Lurpekariak: Jazz con kaiku, txapela y albarcas

Lurpekariak / Los Subterráneos arrancando panorámicos en Basauri (imagen de móvil: O.C.E.).

CAL: *

Miércoles 14 de noviembre de 2018, Basauri, Teatro Sozial Antzokia, 20.30 h, 5 €.

‘Itsasotik iturrira / Del mar a la fuente’ (Errabal, 2018).
Escuchándolo, no sólo por los cencerros nos evoca al agro vasco, abierto, verde y mojado. Dirigido por Ion Celestino (el de la Broken Brothers Brass Band), el sexteto Lurpekariak (su bautismo es un juego de palabras: ‘urpekaria’ significa submarino, ‘lur’ tierra, o sea se podría traducir por Los Subterráneos), con una chica al micrófono (improvisa con scat vocal y hasta se viene arriba en algún irrintzi), ahonda sus raíces en Laboa, conoce el jazz contemporáneo afroamericano más radical, a veces resuena circular como Mursego y se roza con los Achiary, y las dos baterías de su formación se difuminan bastante en la grabación,

 

En su sexto concierto, el sexteto vasco-navarro-aragonés llevó las divagaciones de Laboa hasta el ámbito moderno y radical de Nueva Orleans en un atento Sozial que acabó participando en el happening percusionista

 

Con las aproximadamente 55 personas del respetable sentado en butacas sobre el propio escenario del Teatro Sozial Antzokia de Basauri y ante el sexteto dispuesto en semicírculo panorámico, tan cinemascope que era imposible abarcar de un vistazo desde el trompetista vestido con kaiku Ion Celestino (San Sebastián, 1982; es el líder y ejerció de maestro de ceremonias, hablando todo el rato en euskera) hasta la vocalista calzada con albarcas Nerea Erbiti (Leiza, 1980), Lurpekariak dieron el sexto concierto de su andadura, el primero tras la edición de su álbum de debut ‘Itsasotik iturrira / Del mar a la fuente’ (Errabal), y, a pesar de la dificultad de su propuesta, lograron interpretar sin necesidad de mirar ninguna partitura (y eso que ese miércoles había una baterista suplente: Rakel Arbeloa, Oibar, Navarra, 1991, sustituta del titular Israel Tubilleja, Zaragoza, 1978), abducir al público atentísimo y conseguir que éste participara en el happening final percusionista con panderetas y otros adminículos que le cedió el grupo, más sus propios zapateados, palmas y golpes con las sillas a cargo de las damas más animadas.

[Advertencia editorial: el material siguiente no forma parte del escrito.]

(* Consider a set of market participants (at least two) and a sequence of market data points $x = 1,2,3,\dots$. For each participant $i$ and data point $x$, let $D(i,x)\in\mathbb{R}$ be the real time at which $x$ is delivered to participant $i$, with $D(i,x) < D(i,x+1)$. Suppose an ordering system achieves response time fairness when trigger points are unknown, in the following sense: the ordering system receives the delivery times $D$ and the submission times $S(i,a)$ of all trades (but not their trigger points), and outputs a strict order $O$ on the trades; and for every finite collection of trades with any submission times and for every assignment of trigger points $TP(i,a)$ to these trades satisfying $D(i,TP(i,a)) \le S(i,a)$, the output order satisfies: whenever $TP(i,a) = TP(j,b) = x$ and $S(i,a) - D(i,x) < S(j,b) - D(j,x)$, then $O(i,a) < O(j,b)$. Then necessarily $$D(i,y) - D(i,x) = D(j,y) - D(j,x) \quad \text{for all participants } i,j \text{ and all data points } x,y.$$
   Context: A trade $(i,a)$ denotes the $a$-th trade submitted by participant $i$; $S(i,a)$ is the real time at which it is submitted. The trigger point $TP(i,a)$ is the market data point in response to which the trade was generated, and the response time is $RT(i,a) = S(i,a) - D(i,TP(i,a))$. Response time fairness (for trades in the same speed race) requires: if $TP(i,a)=TP(j,b)$ and $RT(i,a) < RT(j,b)$ then $O(i,a) < O(j,b)$, where $O(i,a)<O(j,b)$ means trade $(i,a)$ is forwarded to the exchange's matching engine before $(j,b)$. "Trigger points unknown" means the ordering can depend only on the delivery times and submission times, so it must satisfy the fairness condition simultaneously for every possible assignment of trigger points consistent with these times. *)

theory Defs
  imports Main "HOL.Real"
begin

text \<open>Trades are pairs (i, a): the a-th trade of participant i.
  Data points are natural numbers x \<ge> 1.
  An ordering system (for the fixed delivery times D) maps a finite set of trades T
  together with their submission times S to a relation Ord T S on trades
  (Ord T S t u means t is forwarded before u).\<close>

definition strict_order_on :: "'a set \<Rightarrow> ('a \<Rightarrow> 'a \<Rightarrow> bool) \<Rightarrow> bool" where
  "strict_order_on T R \<longleftrightarrow>
     (\<forall>t\<in>T. \<not> R t t) \<and> (\<forall>t\<in>T. \<forall>u\<in>T. \<forall>v\<in>T. R t u \<and> R u v \<longrightarrow> R t v)"

definition rt_fair_unknown_TP ::
  "('p \<Rightarrow> nat \<Rightarrow> real) \<Rightarrow>
   (('p \<times> nat) set \<Rightarrow> ('p \<times> nat \<Rightarrow> real) \<Rightarrow> 'p \<times> nat \<Rightarrow> 'p \<times> nat \<Rightarrow> bool) \<Rightarrow> bool" where
  "rt_fair_unknown_TP D Ord \<longleftrightarrow>
     (\<forall>T S. finite T \<longrightarrow>
        strict_order_on T (Ord T S) \<and>
        (\<forall>TP. (\<forall>t\<in>T. 1 \<le> TP t \<and> D (fst t) (TP t) \<le> S t) \<longrightarrow>
           (\<forall>t\<in>T. \<forall>u\<in>T. TP t = TP u \<and>
               S t - D (fst t) (TP t) < S u - D (fst u) (TP u) \<longrightarrow> Ord T S t u)))"

end

theory Submission
  imports Defs
begin

text \<open>Take one trade of participant i and one of participant j, and space their submission
  times so that the response time of i's trade is the smaller one if both were triggered by x,
  but the larger one if both were triggered by y; this is possible exactly when
  D i y - D j y < D i x - D j x. Since the ordering cannot see the trigger points, it would
  have to forward each trade before the other. Applying this to (i, j) and to (j, i) forces
  D i y - D j y = D i x - D j x.\<close>

lemma strict_order_on_asym:
  assumes "strict_order_on T R" and "t \<in> T" and "u \<in> T" and "R t u"
  shows "\<not> R u t"
  using assms unfolding strict_order_on_def by blast

lemma rt_fair_unknown_TP_strict_order:
  assumes "rt_fair_unknown_TP D Ord" and "finite T"
  shows "strict_order_on T (Ord T S)"
  using assms unfolding rt_fair_unknown_TP_def by blast

lemma rt_fair_unknown_TP_common_trigger:
  assumes fair: "rt_fair_unknown_TP D Ord" and "finite T" and "1 \<le> x"
    and delivered: "\<forall>s\<in>T. D (fst s) x \<le> S s"
    and "t \<in> T" and "u \<in> T"
    and faster: "S t - D (fst t) x < S u - D (fst u) x"
  shows "Ord T S t u"
proof -
  have "\<forall>TP. (\<forall>s\<in>T. 1 \<le> TP s \<and> D (fst s) (TP s) \<le> S s) \<longrightarrow>
      (\<forall>t\<in>T. \<forall>u\<in>T. TP t = TP u \<and>
        S t - D (fst t) (TP t) < S u - D (fst u) (TP u) \<longrightarrow> Ord T S t u)"
    using fair \<open>finite T\<close> unfolding rt_fair_unknown_TP_def by blast
  from spec[OF this, of "\<lambda>_. x"] show ?thesis
    using \<open>1 \<le> x\<close> delivered \<open>t \<in> T\<close> \<open>u \<in> T\<close> faster by simp
qed

lemma rt_fair_unknown_TP_offset_not_decreasing:
  fixes D :: "'p \<Rightarrow> nat \<Rightarrow> real"
  assumes fair: "rt_fair_unknown_TP D Ord" and "i \<noteq> j" and "1 \<le> x" and "1 \<le> y"
  shows "\<not> D i y - D j y < D i x - D j x"
proof
  assume less: "D i y - D j y < D i x - D j x"
  define t where "t = (i, 0::nat)"
  define u where "u = (j, 0::nat)"
  define T where "T = {t, u}"
  \<comment> \<open>c separates the two offsets; M is large enough for both trigger points to be valid.\<close>
  define c where "c = ((D i y - D j y) + (D i x - D j x)) / 2"
  define M where "M = \<bar>D i x\<bar> + \<bar>D i y\<bar> + \<bar>D j x\<bar> + \<bar>D j y\<bar> + \<bar>c\<bar>"
  define S where "S s = (if s = t then M + c else M)" for s
  have "t \<noteq> u"
    using \<open>i \<noteq> j\<close> by (simp add: t_def u_def)
  then have St: "S t = M + c" and Su: "S u = M"
    by (simp_all add: S_def)
  have fst_t: "fst t = i" and fst_u: "fst u = j"
    by (simp_all add: t_def u_def)
  have "finite T" and "t \<in> T" and "u \<in> T"
    by (simp_all add: T_def)
  have delivered: "\<forall>s\<in>T. D (fst s) z \<le> S s" if "z \<in> {x, y}" for z
  proof -
    have "\<bar>D i z\<bar> + \<bar>D j z\<bar> \<le> \<bar>D i x\<bar> + \<bar>D i y\<bar> + \<bar>D j x\<bar> + \<bar>D j y\<bar>"
      using that by auto
    then have "D i z \<le> M + c" and "D j z \<le> M"
      unfolding M_def by linarith+
    then show ?thesis
      using St Su fst_t fst_u by (simp add: T_def)
  qed
  have "S t - D (fst t) x < S u - D (fst u) x"
    using less by (simp add: St Su fst_t fst_u c_def field_simps)
  then have "Ord T S t u"
    using rt_fair_unknown_TP_common_trigger[OF fair \<open>finite T\<close> \<open>1 \<le> x\<close> delivered]
      \<open>t \<in> T\<close> \<open>u \<in> T\<close> by simp
  moreover have "S u - D (fst u) y < S t - D (fst t) y"
    using less by (simp add: St Su fst_t fst_u c_def field_simps)
  then have "Ord T S u t"
    using rt_fair_unknown_TP_common_trigger[OF fair \<open>finite T\<close> \<open>1 \<le> y\<close> delivered]
      \<open>t \<in> T\<close> \<open>u \<in> T\<close> by simp
  ultimately show False
    using strict_order_on_asym[OF rt_fair_unknown_TP_strict_order[OF fair \<open>finite T\<close>]]
      \<open>t \<in> T\<close> \<open>u \<in> T\<close>
    by blast
qed

theorem lemma1:
  fixes D :: "'p \<Rightarrow> nat \<Rightarrow> real"
    and Ord :: "('p \<times> nat) set \<Rightarrow> ('p \<times> nat \<Rightarrow> real) \<Rightarrow> 'p \<times> nat \<Rightarrow> 'p \<times> nat \<Rightarrow> bool"
  assumes "\<exists>i j :: 'p. i \<noteq> j"
    and "\<forall>i x. 1 \<le> x \<longrightarrow> D i x < D i (Suc x)"
    and "rt_fair_unknown_TP D Ord"
  shows "\<forall>i j x y. 1 \<le> x \<longrightarrow> 1 \<le> y \<longrightarrow> D i y - D i x = D j y - D j x"
proof (intro allI impI)
  fix i j :: 'p and x y :: nat
  assume "1 \<le> x" and "1 \<le> y"
  show "D i y - D i x = D j y - D j x"
  proof (cases "i = j")
    case False
    have "\<not> D i y - D j y < D i x - D j x"
      using rt_fair_unknown_TP_offset_not_decreasing[OF assms(3) False \<open>1 \<le> x\<close> \<open>1 \<le> y\<close>] .
    moreover have "\<not> D j y - D i y < D j x - D i x"
      using rt_fair_unknown_TP_offset_not_decreasing[OF assms(3) not_sym[OF False] \<open>1 \<le> x\<close> \<open>1 \<le> y\<close>] .
    ultimately show ?thesis
      by linarith
  qed simp
qed

end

Lurpekariak, juego de palabras traducible como Los Subterráneos  (‘urpekaria’ significa submarino en euskera, ‘lur’ tierra), se atreven con una alineación inusual, un sexteto con todos los componentes licenciados superiores en jazz: trompeta, voz, dos baterías (compartían el bombo y se miraban frente a frente la mentada sustituta Rakel y el otro titular, Daniel Lizarraga, Pamplona, 1988) y dos contrabajos (los de Javier Callén, Huesca, 1980, y del tocado con txapela Ander García, Barakaldo, 1978, ex dantzari que algún paso se marcó en el happening). Con tales mimbres, o aperos, o instrumentos, elaboran lo que ellos definen como «música arcaica del futuro», una suerte de jazz rural marcado por Laboa (la voz femenina lánguida, distraída, dolida, aguda, siempre juguetona…) y cuyas improvisaciones parecían emerger desde Nueva Orleans (por la trompeta, por las ambientaciones palúdicas y misteriosas…), unas improvisaciones que nunca parecieron de relleno.

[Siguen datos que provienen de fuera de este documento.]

lemma kpow_bij_invariant:
  assumes bij: "bij_betw \<phi> L L" and inv: "\<And>x y. x \<in> L \<Longrightarrow> y \<in> L \<Longrightarrow> A (\<phi> x) (\<phi> y) = A x y"
    and "x \<in> L" "y \<in> L"
  shows "kpow L A m (\<phi> x) (\<phi> y) = kpow L A m x y"
  using assms(4)
proof (induction m arbitrary: y)
  case 0
  then show ?case using bij assms(3) by (auto simp: kdelta_def bij_betw_def dest: inj_onD)
next
  case (Suc m)
  have "kpow L A (Suc m) (\<phi> x) (\<phi> y) = (\<Sum>z\<in>L. kpow L A m (\<phi> x) (\<phi> z) * A (\<phi> z) (\<phi> y))"
    by (simp add: kmult_def) (rule sum.reindex_bij_betw[OF bij, symmetric])
  also have "\<dots> = kpow L A (Suc m) x y"
    using Suc inv by (simp add: kmult_def)
  finally show ?case .
qed

section \<open>Trace of a kernel intertwined with an injective one\<close>

definition kernel_injective :: "'a set \<Rightarrow> 'b set \<Rightarrow> ('a \<Rightarrow> 'b \<Rightarrow> real) \<Rightarrow> bool" where
  "kernel_injective X Y U \<longleftrightarrow>
    (\<forall>f. (\<forall>x\<in>X. (\<Sum>y\<in>Y. U x y * f y) = 0) \<longrightarrow> (\<forall>y\<in>Y. f y = 0))"

lemma kernel_injectiveD:
  "kernel_injective X Y U \<Longrightarrow> (\<And>x. x \<in> X \<Longrightarrow> (\<Sum>y\<in>Y. U x y * f y) = 0) \<Longrightarrow> y \<in> Y \<Longrightarrow> f y = 0"
  unfolding kernel_injective_def by blast

definition kernel_mat :: "(nat \<Rightarrow> 'a) \<Rightarrow> nat \<Rightarrow> ('a \<Rightarrow> 'a \<Rightarrow> real) \<Rightarrow> real mat" where
  "kernel_mat e d C = mat d d (\<lambda>(i, j). C (e i) (e j))"

lemma kernel_mat_mult:
  assumes e: "bij_betw e {..<d} L" and "i < d" "j < d"
  shows "(kernel_mat e d C * kernel_mat e d D) $$ (i, j) = kmult L C D (e i) (e j)"
  using assms by (simp add: kernel_mat_def kmult_def times_mat_def scalar_prod_def atLeast0LessThan)
    (rule sum.reindex_bij_betw[OF e])

lemma kernel_mat_det_nonzero:
  assumes e: "bij_betw e {..<d} L" and inj: "kernel_injective L L A"
  shows "det (kernel_mat e d A) \<noteq> 0"
proof
  have M: "kernel_mat e d A \<in> carrier_mat d d" by (simp add: kernel_mat_def)
  assume "det (kernel_mat e d A) = 0"
  then obtain v where v: "v \<in> carrier_vec d" "v \<noteq> 0\<^sub>v d" "kernel_mat e d A *\<^sub>v v = 0\<^sub>v d"
    using det_0_iff_vec_prod_zero_field[OF M] by blast
  define f where "f y = vec_index v (inv_into {..<d} e y)" for y
  have f_e: "f (e j) = vec_index v j" if "j < d" for j
    using e that by (simp add: f_def bij_betw_inv_into_left)
  have "(\<Sum>y\<in>L. A (e i) y * f y) = vec_index (kernel_mat e d A *\<^sub>v v) i" if "i < d" for i
    using that v(1) f_e
    by (simp add: kernel_mat_def mult_mat_vec_def scalar_prod_def atLeast0LessThan
        sum.reindex_bij_betw[OF e, symmetric])
  moreover have "\<exists>i<d. x = e i" if "x \<in> L" for x
    using that bij_betw_imp_surj_on[OF e] by blast
  ultimately have "(\<Sum>y\<in>L. A x y * f y) = 0" if "x \<in> L" for x
    using that v(3) by auto
  then have "f y = 0" if "y \<in> L" for y
    using that by (rule kernel_injectiveD[OF inj])
  then have "vec_index v j = 0" if "j < d" for j
    using f_e[OF that] bij_betwE[OF e] that by auto
  then have "v = 0\<^sub>v d" using v(1) by (intro eq_vecI) auto
  with v(2) show False by simp
qed

lemma injective_kernel_invertible:
  assumes fin: "finite L" and inj: "kernel_injective L L A"
  obtains G where "\<And>x z. x \<in> L \<Longrightarrow> z \<in> L \<Longrightarrow> kmult L A G x z = kdelta x z"
    and "\<And>x z. x \<in> L \<Longrightarrow> z \<in> L \<Longrightarrow> kmult L G A x z = kdelta x z"
proof -
  obtain e where e: "bij_betw e {..<card L} L"
    using ex_bij_betw_nat_finite[OF fin] unfolding atLeast0LessThan by blast
  let ?d = "card L" and ?ie = "inv_into {..<card L} e"
  have M: "kernel_mat e ?d A \<in> carrier_mat ?d ?d" by (simp add: kernel_mat_def)
  obtain B where B: "B \<in> carrier_mat ?d ?d" "kernel_mat e ?d A * B = 1\<^sub>m ?d" "B * kernel_mat e ?d A = 1\<^sub>m ?d"
    using det_non_zero_imp_unit[OF M kernel_mat_det_nonzero[OF e inj], of "()"]
    unfolding Units_def ring_mat_def by auto
  define G where "G x z = B $$ (?ie x, ?ie z)" for x z
  have G: "kernel_mat e ?d G = B"
    using B(1) e by (auto simp: kernel_mat_def G_def bij_betw_inv_into_left)
  have ie: "?ie x < ?d" "e (?ie x) = x" if "x \<in> L" for x
    using that bij_betwE[OF bij_betw_inv_into[OF e]] bij_betw_inv_into_right[OF e] by auto
  have ie_eq_iff: "?ie x = ?ie z \<longleftrightarrow> x = z" if "x \<in> L" "z \<in> L" for x z
    using that ie(2) by metis
  show thesis
  proof (rule that[of G])
    show "kmult L A G x z = kdelta x z" "kmult L G A x z = kdelta x z" if "x \<in> L" "z \<in> L" for x z
      using kernel_mat_mult[OF e ie(1)[OF that(1)] ie(1)[OF that(2)], of A G]
        kernel_mat_mult[OF e ie(1)[OF that(1)] ie(1)[OF that(2)], of G A] that
      by (simp_all add: G B ie ie_eq_iff kdelta_def)
  qed
qed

Ion Celestino a la diestra, en algún parlamento explicativo en euskera (foto: Gaizka Azkarate).

Su concierto (de jazz sin partituras, insistamos en el detalle) duró 75 minutos exactos (contando los dos y pico de saludos finales) para una docena de piezas consignadas en el setist y que prácticamente recorrieron íntegramente el debut ‘Itsasotik iturrira / De la mar a la fuente’. La única pega que se le puede poner es que los ejecutantes reprimieron la pegada necesaria en el jazz y parecieron dejarse embargar por la ceremonia canónica, como en una audición de conservatorio (a veces se sentaban en sillas al margen pero a la vista de todos los músicos que no participaban en la pieza, ora los bateristas, ora los contrabajistas…).

Su actuación cursó tan ondulante como las luces que subían y bajaban de intensidad iluminando a los espectadores y los músicos distribuidos por el tablado entero. Lurpekariak arrancaron atávicos y sin prisas a lo Wayne Shorter (‘Lehen agurra’), y el scat vocal fue más allá de la tradición jazz de la vocalista bilbaína Itxaso (bien ‘Banango zaharra’, que culminó en plan neojota junkeriana). Nerea entonó premeditadamente átona y cuasi desafinada en ‘Ez duzu zereginik’, adaptaron al canónico arqueólogo musical Juan Mari Beltrán con la heterodoxia que les caracteriza (‘DRNBL’, o sea ‘Durunbele’) y quizá alcanzaron su cenit en ‘116’, con las baterías protagonistas y la trompeta muy sincopada, muy New Orleans.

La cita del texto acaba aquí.